I went the other day into one of our great dry-goods stores to see how fine a piece of cotton I could buy. I was surprised to find that the gentlemanly clerks knew very little about where the goods were made and almost nothing at all about the processes. They were very obliging, but their business of selling does not seem to require any knowledge of those things I was so desirous of learning.

The finest things I found were India linen and Swiss mull. The India linen has a remarkable name, seeing it is not linen and is made in Scotland. The Swiss mull is nearly as well named, for it is also made in Glasgow. Whether these goods sell better because their names seem to indicate that they are made somewhere else I cannot say, but the truth seems to be that they were called by these names innocently enough by those who first made them, being proud that they could produce mull equal to the finest worn by the ladies in Switzerland or equal to the finest products of the Indian looms.

It is well known that in the dry-goods business it seems to be greatly to the advantage of the merchant to have fine names for his wares, the larger houses regularly employing women who do nothing but find fancy names for the things that are for sale.
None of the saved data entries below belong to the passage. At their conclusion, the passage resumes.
(* Let $n\ge 1$, $k\ge 1$, and let $K=\sum_{i=1}^{k-1}|i-1\rangle\langle i|$ be the $k\times k$ nilpotent Jordan block acting on $\mathbb{C}^k$ with basis $|0\rangle,\ldots,|k-1\rangle$. Let $\mathcal{S}\subseteq(\mathbb{C}^k)^{\otimes n}$ be the permutation-symmetric subspace. For $0\le j\le k-1$ define $$|E_j\rangle=\sum_{\substack{i_1,\ldots,i_n\ge 0\\ i_1+\cdots+i_n=j}}|i_1\rangle|i_2\rangle\cdots|i_n\rangle.$$ Then a vector $|\psi\rangle\in\mathcal{S}$ satisfies $K_{(1)}|\psi\rangle\in\mathcal{S}$ if and only if $|\psi\rangle=\sum_{j=0}^{k-1}\alpha_j|E_j\rangle$ for some complex numbers $\alpha_0,\ldots,\alpha_{k-1}$.
   Context: $\mathcal{S}$ is the set of vectors in $(\mathbb{C}^k)^{\otimes n}$ invariant under all permutations of the $n$ tensor factors. $K_{(1)}$ denotes $K\otimes\mathbb{I}\otimes\cdots\otimes\mathbb{I}$ on $(\mathbb{C}^k)^{\otimes n}$. *)

theory Defs
  imports Complex_Main "HOL-Combinatorics.Permutations"
begin

text \<open>A vector of (C^k)^{\<otimes>n} is represented by its coordinates in the
product basis |i_1>...|i_n>, i.e. as a function from index lists
(length n, entries < k) to complex numbers, vanishing off valid index lists.\<close>

definition idx :: "nat \<Rightarrow> nat \<Rightarrow> nat list set" where
  "idx n k = {xs. length xs = n \<and> set xs \<subseteq> {..<k}}"

definition tensor_space :: "nat \<Rightarrow> nat \<Rightarrow> (nat list \<Rightarrow> complex) set" where
  "tensor_space n k = {\<psi>. \<forall>xs. xs \<notin> idx n k \<longrightarrow> \<psi> xs = 0}"

definition permute_factors :: "nat \<Rightarrow> (nat \<Rightarrow> nat) \<Rightarrow> nat list \<Rightarrow> nat list" where
  "permute_factors n p xs = map (\<lambda>i. xs ! p i) [0..<n]"

definition sym_subspace :: "nat \<Rightarrow> nat \<Rightarrow> (nat list \<Rightarrow> complex) set" where
  "sym_subspace n k = {\<psi> \<in> tensor_space n k.
     \<forall>p xs. p permutes {..<n} \<longrightarrow> xs \<in> idx n k \<longrightarrow> \<psi> (permute_factors n p xs) = \<psi> xs}"

text \<open>K = sum_{i=1}^{k-1} |i-1><i| applied to the first factor:
 (K_(1) psi)(i_1,i_2,...,i_n) = psi(i_1+1,i_2,...,i_n) if i_1+1 < k, else 0.\<close>
definition K1 :: "nat \<Rightarrow> nat \<Rightarrow> (nat list \<Rightarrow> complex) \<Rightarrow> nat list \<Rightarrow> complex" where
  "K1 n k \<psi> xs = (if xs \<in> idx n k \<and> hd xs + 1 < k then \<psi> ((hd xs + 1) # tl xs) else 0)"

definition E :: "nat \<Rightarrow> nat \<Rightarrow> nat \<Rightarrow> nat list \<Rightarrow> complex" where
  "E n k j xs = (if xs \<in> idx n k \<and> sum_list xs = j then 1 else 0)"

end

theory Submission
  imports Defs
begin

text \<open>Symmetry under the transposition of the first and the (j+1)-st factor, together
with the same symmetry of K_(1) psi, lets one move a unit of index from any factor to the
first one: psi(a, .., b, ..) = K_(1) psi(b - 1, .., a, ..) = K_(1) psi(a, .., b - 1, ..)
= psi(a + 1, .., b - 1, ..), and this vanishes once a + 1 reaches k. Iterating, psi at an
index tuple depends only on i_1 + ... + i_n and vanishes when that sum is at least k,
which is exactly the span of the E_j. Conversely, K_(1) maps such a function to one that
again depends only on the index sum, hence to a symmetric vector.\<close>

lemma permute_factors_transpose:
  assumes "length xs = n" "a < n" "b < n"
  shows "permute_factors n (Transposition.transpose a b) xs = xs[a := xs!b, b := xs!a]"
  using assms
  by (intro nth_equalityI) (auto simp: permute_factors_def nth_list_update transpose_def)

lemma permute_factors_in_idx:
  assumes "p permutes {..<n}" "xs \<in> idx n k"
  shows "permute_factors n p xs \<in> idx n k"
proof -
  have "\<And>i. i < n \<Longrightarrow> p i < n" using assms(1) permutes_in_image by fastforce
  then show ?thesis using assms(2)
    by (auto simp: idx_def permute_factors_def subset_iff)
qed

lemma sum_list_permute_factors:
  assumes "p permutes {..<n}" "length xs = n"
  shows "sum_list (permute_factors n p xs) = sum_list xs"
proof -
  have "sum_list (permute_factors n p xs) = (\<Sum>i<n. xs ! p i)"
    by (simp add: permute_factors_def sum_list_sum_nth lessThan_atLeast0)
  also have "\<dots> = (\<Sum>i<n. xs ! i)"
    using sum.permute[OF assms(1), of "(!) xs"] by (simp add: comp_def)
  also have "\<dots> = sum_list xs" using assms(2)
    by (simp add: sum_list_sum_nth lessThan_atLeast0)
  finally show ?thesis .
qed

lemma idx_Cons_update:
  assumes "a # t \<in> idx n k" "b < k" "c < k"
  shows "b # t[j := c] \<in> idx n k"
  using assms set_update_subset_insert[of t j c] by (auto simp: idx_def)

lemma sum_dependent_in_sym_subspace:
  "(\<lambda>xs. if xs \<in> idx n k then f (sum_list xs) else 0) \<in> sym_subspace n k"
  using permute_factors_in_idx sum_list_permute_factors
  by (auto simp: sym_subspace_def tensor_space_def idx_def)

lemma E_combination_eq:
  "(\<lambda>xs. \<Sum>j<k. \<alpha> j * E n k j xs) =
   (\<lambda>xs. if xs \<in> idx n k then (if sum_list xs < k then \<alpha> (sum_list xs) else 0) else 0)"
proof
  fix xs
  have "(\<Sum>j<k. \<alpha> j * E n k j xs) = (\<Sum>j<k. if xs \<in> idx n k \<and> sum_list xs = j then \<alpha> j else 0)"
    by (intro sum.cong) (auto simp: E_def)
  then show "(\<Sum>j<k. \<alpha> j * E n k j xs) =
      (if xs \<in> idx n k then (if sum_list xs < k then \<alpha> (sum_list xs) else 0) else 0)"
    by (simp add: sum.delta)
qed

lemma K1_truncated_sum_dependent:
  assumes "n \<ge> 1"
  shows "K1 n k (\<lambda>xs. if xs \<in> idx n k then (if sum_list xs < k then g (sum_list xs) else 0) else 0) =
    (\<lambda>xs. if xs \<in> idx n k then (if sum_list xs + 1 < k then g (sum_list xs + 1) else 0) else 0)"
proof
  fix xs
  show "K1 n k (\<lambda>xs. if xs \<in> idx n k then (if sum_list xs < k then g (sum_list xs) else 0) else 0) xs =
    (if xs \<in> idx n k then (if sum_list xs + 1 < k then g (sum_list xs + 1) else 0) else 0)"
  proof (cases "xs \<in> idx n k")
    case True
    with assms obtain a t where xs: "xs = a # t"
      by (cases xs) (auto simp: idx_def)
    have "a + 1 < k \<Longrightarrow> (a + 1) # t \<in> idx n k"
      using True by (auto simp: xs idx_def)
    moreover have "sum_list xs + 1 < k \<Longrightarrow> a + 1 < k"
      by (simp add: xs)
    ultimately show ?thesis
      using True by (auto simp: K1_def xs)
  qed (simp add: K1_def)
qed

lemma sym_subspace_swap_head:
  assumes "\<phi> \<in> sym_subspace n k" "a # t \<in> idx n k" "j < length t"
  shows "\<phi> (a # t) = \<phi> ((t!j) # t[j := a])"
proof -
  have len: "length (a # t) = n" using assms(2) by (simp add: idx_def)
  have "Transposition.transpose 0 (Suc j) permutes {..<n}"
    using len assms(3) by (intro permutes_swap_id) auto
  then have "\<phi> (permute_factors n (Transposition.transpose 0 (Suc j)) (a # t)) = \<phi> (a # t)"
    using assms(1,2) unfolding sym_subspace_def by blast
  then show ?thesis
    using permute_factors_transpose[OF len, of 0 "Suc j"] len assms(3) by simp
qed

lemma shift_unit_to_head:
  assumes S: "\<psi> \<in> sym_subspace n k" and KS: "K1 n k \<psi> \<in> sym_subspace n k"
    and v: "a # t \<in> idx n k" and j: "j < length t" and b: "t!j \<ge> 1"
  shows "\<psi> (a # t) = (if a + 1 < k then \<psi> ((a + 1) # t[j := t!j - 1]) else 0)"
proof -
  let ?b = "t!j"
  have ak: "a < k" and bk: "?b < k"
    using v nth_mem[OF j] by (auto simp: idx_def)
  have "\<psi> (a # t) = \<psi> (?b # t[j := a])"
    using sym_subspace_swap_head[OF S v j] .
  also have "\<dots> = K1 n k \<psi> ((?b - 1) # t[j := a])"
    using idx_Cons_update[OF v _ ak, of "?b - 1"] b bk by (simp add: K1_def)
  also have "\<dots> = K1 n k \<psi> (a # t[j := ?b - 1])"
    using sym_subspace_swap_head[OF KS idx_Cons_update[OF v ak, of "?b - 1"], of j] j bk
    by simp
  also have "\<dots> = (if a + 1 < k then \<psi> ((a + 1) # t[j := ?b - 1]) else 0)"
    using idx_Cons_update[OF v ak, of "?b - 1" j] bk by (simp add: K1_def)
  finally show ?thesis .
qed

lemma sum_dependent_of_K1_sym:
  assumes n: "n \<ge> 1" and S: "\<psi> \<in> sym_subspace n k" and KS: "K1 n k \<psi> \<in> sym_subspace n k"
  shows "xs \<in> idx n k \<Longrightarrow>
    \<psi> xs = (if sum_list xs < k then \<psi> (sum_list xs # replicate (n - 1) 0) else 0)"
proof (induction "sum_list (tl xs)" arbitrary: xs rule: less_induct)
  case less
  then obtain a t where xs: "xs = a # t" using n by (cases xs) (auto simp: idx_def)
  have v: "a # t \<in> idx n k" using less.prems xs by simp
  then have len: "length t = n - 1" by (auto simp: idx_def)
  show ?case
  proof (cases "\<forall>x\<in>set t. x = 0")
    case True
    then have "t = replicate (n - 1) 0"
      using len by (metis replicate_length_same)
    then show ?thesis using v True xs by (simp add: idx_def sum_list_replicate)
  next
    case False
    then obtain j where j: "j < length t" and b: "t!j \<ge> 1"
      by (metis in_set_conv_nth less_one not_le)
    have sum_update: "sum_list (t[j := t!j - 1]) + 1 = sum_list t"
      using b elem_le_sum_list[OF j] sum_list_update[OF j, of "t!j - 1"] by simp
    show ?thesis
    proof (cases "a + 1 < k")
      case True
      let ?ys = "(a + 1) # t[j := t!j - 1]"
      have "t!j < k" using v nth_mem[OF j] by (auto simp: idx_def)
      then have "?ys \<in> idx n k"
        using idx_Cons_update[OF v True, of "t!j - 1" j] by simp
      moreover have "sum_list (tl ?ys) < sum_list (tl xs)"
        using sum_update xs by simp
      ultimately have IH: "\<psi> ?ys = (if sum_list ?ys < k then \<psi> (sum_list ?ys # replicate (n - 1) 0) else 0)"
        using less.hyps by blast
      have sum_ys: "sum_list ?ys = sum_list xs"
        using sum_update xs by simp
      have "\<psi> xs = \<psi> ?ys"
        using shift_unit_to_head[OF S KS v j b] True xs by simp
      then show ?thesis
        using IH unfolding sum_ys by simp
    next
      case False
      then show ?thesis
        using shift_unit_to_head[OF S KS v j b] sum_update xs by simp
    qed
  qed
qed

theorem theorem5:
  fixes n k :: nat and \<psi> :: "nat list \<Rightarrow> complex"
  assumes "n \<ge> 1" and "k \<ge> 1"
    and "\<psi> \<in> sym_subspace n k"
  shows "K1 n k \<psi> \<in> sym_subspace n k \<longleftrightarrow>
         (\<exists>\<alpha> :: nat \<Rightarrow> complex. \<psi> = (\<lambda>xs. \<Sum>j<k. \<alpha> j * E n k j xs))"
proof
  assume KS: "K1 n k \<psi> \<in> sym_subspace n k"
  define \<alpha> where "\<alpha> j = \<psi> (j # replicate (n - 1) 0)" for j
  have "\<psi> xs = (if xs \<in> idx n k then (if sum_list xs < k then \<alpha> (sum_list xs) else 0) else 0)" for xs
    using sum_dependent_of_K1_sym[OF assms(1,3) KS, of xs] assms(3)
    by (auto simp: \<alpha>_def sym_subspace_def tensor_space_def)
  then show "\<exists>\<alpha>. \<psi> = (\<lambda>xs. \<Sum>j<k. \<alpha> j * E n k j xs)"
    unfolding E_combination_eq by blast
next
  assume "\<exists>\<alpha>. \<psi> = (\<lambda>xs. \<Sum>j<k. \<alpha> j * E n k j xs)"
  then obtain \<alpha> where "\<psi> = (\<lambda>xs. \<Sum>j<k. \<alpha> j * E n k j xs)" by blast
  then show "K1 n k \<psi> \<in> sym_subspace n k"
    using sum_dependent_in_sym_subspace[of n k "\<lambda>s. if s + 1 < k then \<alpha> (s + 1) else 0"]
    by (simp only: E_combination_eq K1_truncated_sum_dependent[OF assms(1)])
qed

end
Goods are sometimes displayed with one name for several days without finding a purchaser, but the namer soon comes in with a new name to attach to the goods and some of the very shoppers who do not care for them under the first name buy them readily under the new one.

A lady recently asked me to tell her the difference between muslin and long cloth. I thought there might be a difference, but have been unable to find anyone who can tell what it is. Both names are applied to white cotton goods of various degrees of fineness. Long cloth is of a superior quality of cotton, and so is muslin when intended for dress goods. Some of the names under which white cotton goods are sold are muslins, tarletans, mulls, jaconets, nainsooks, lawns, grenadines, saccarillas, cottonade, cotton velvet, and velveteen.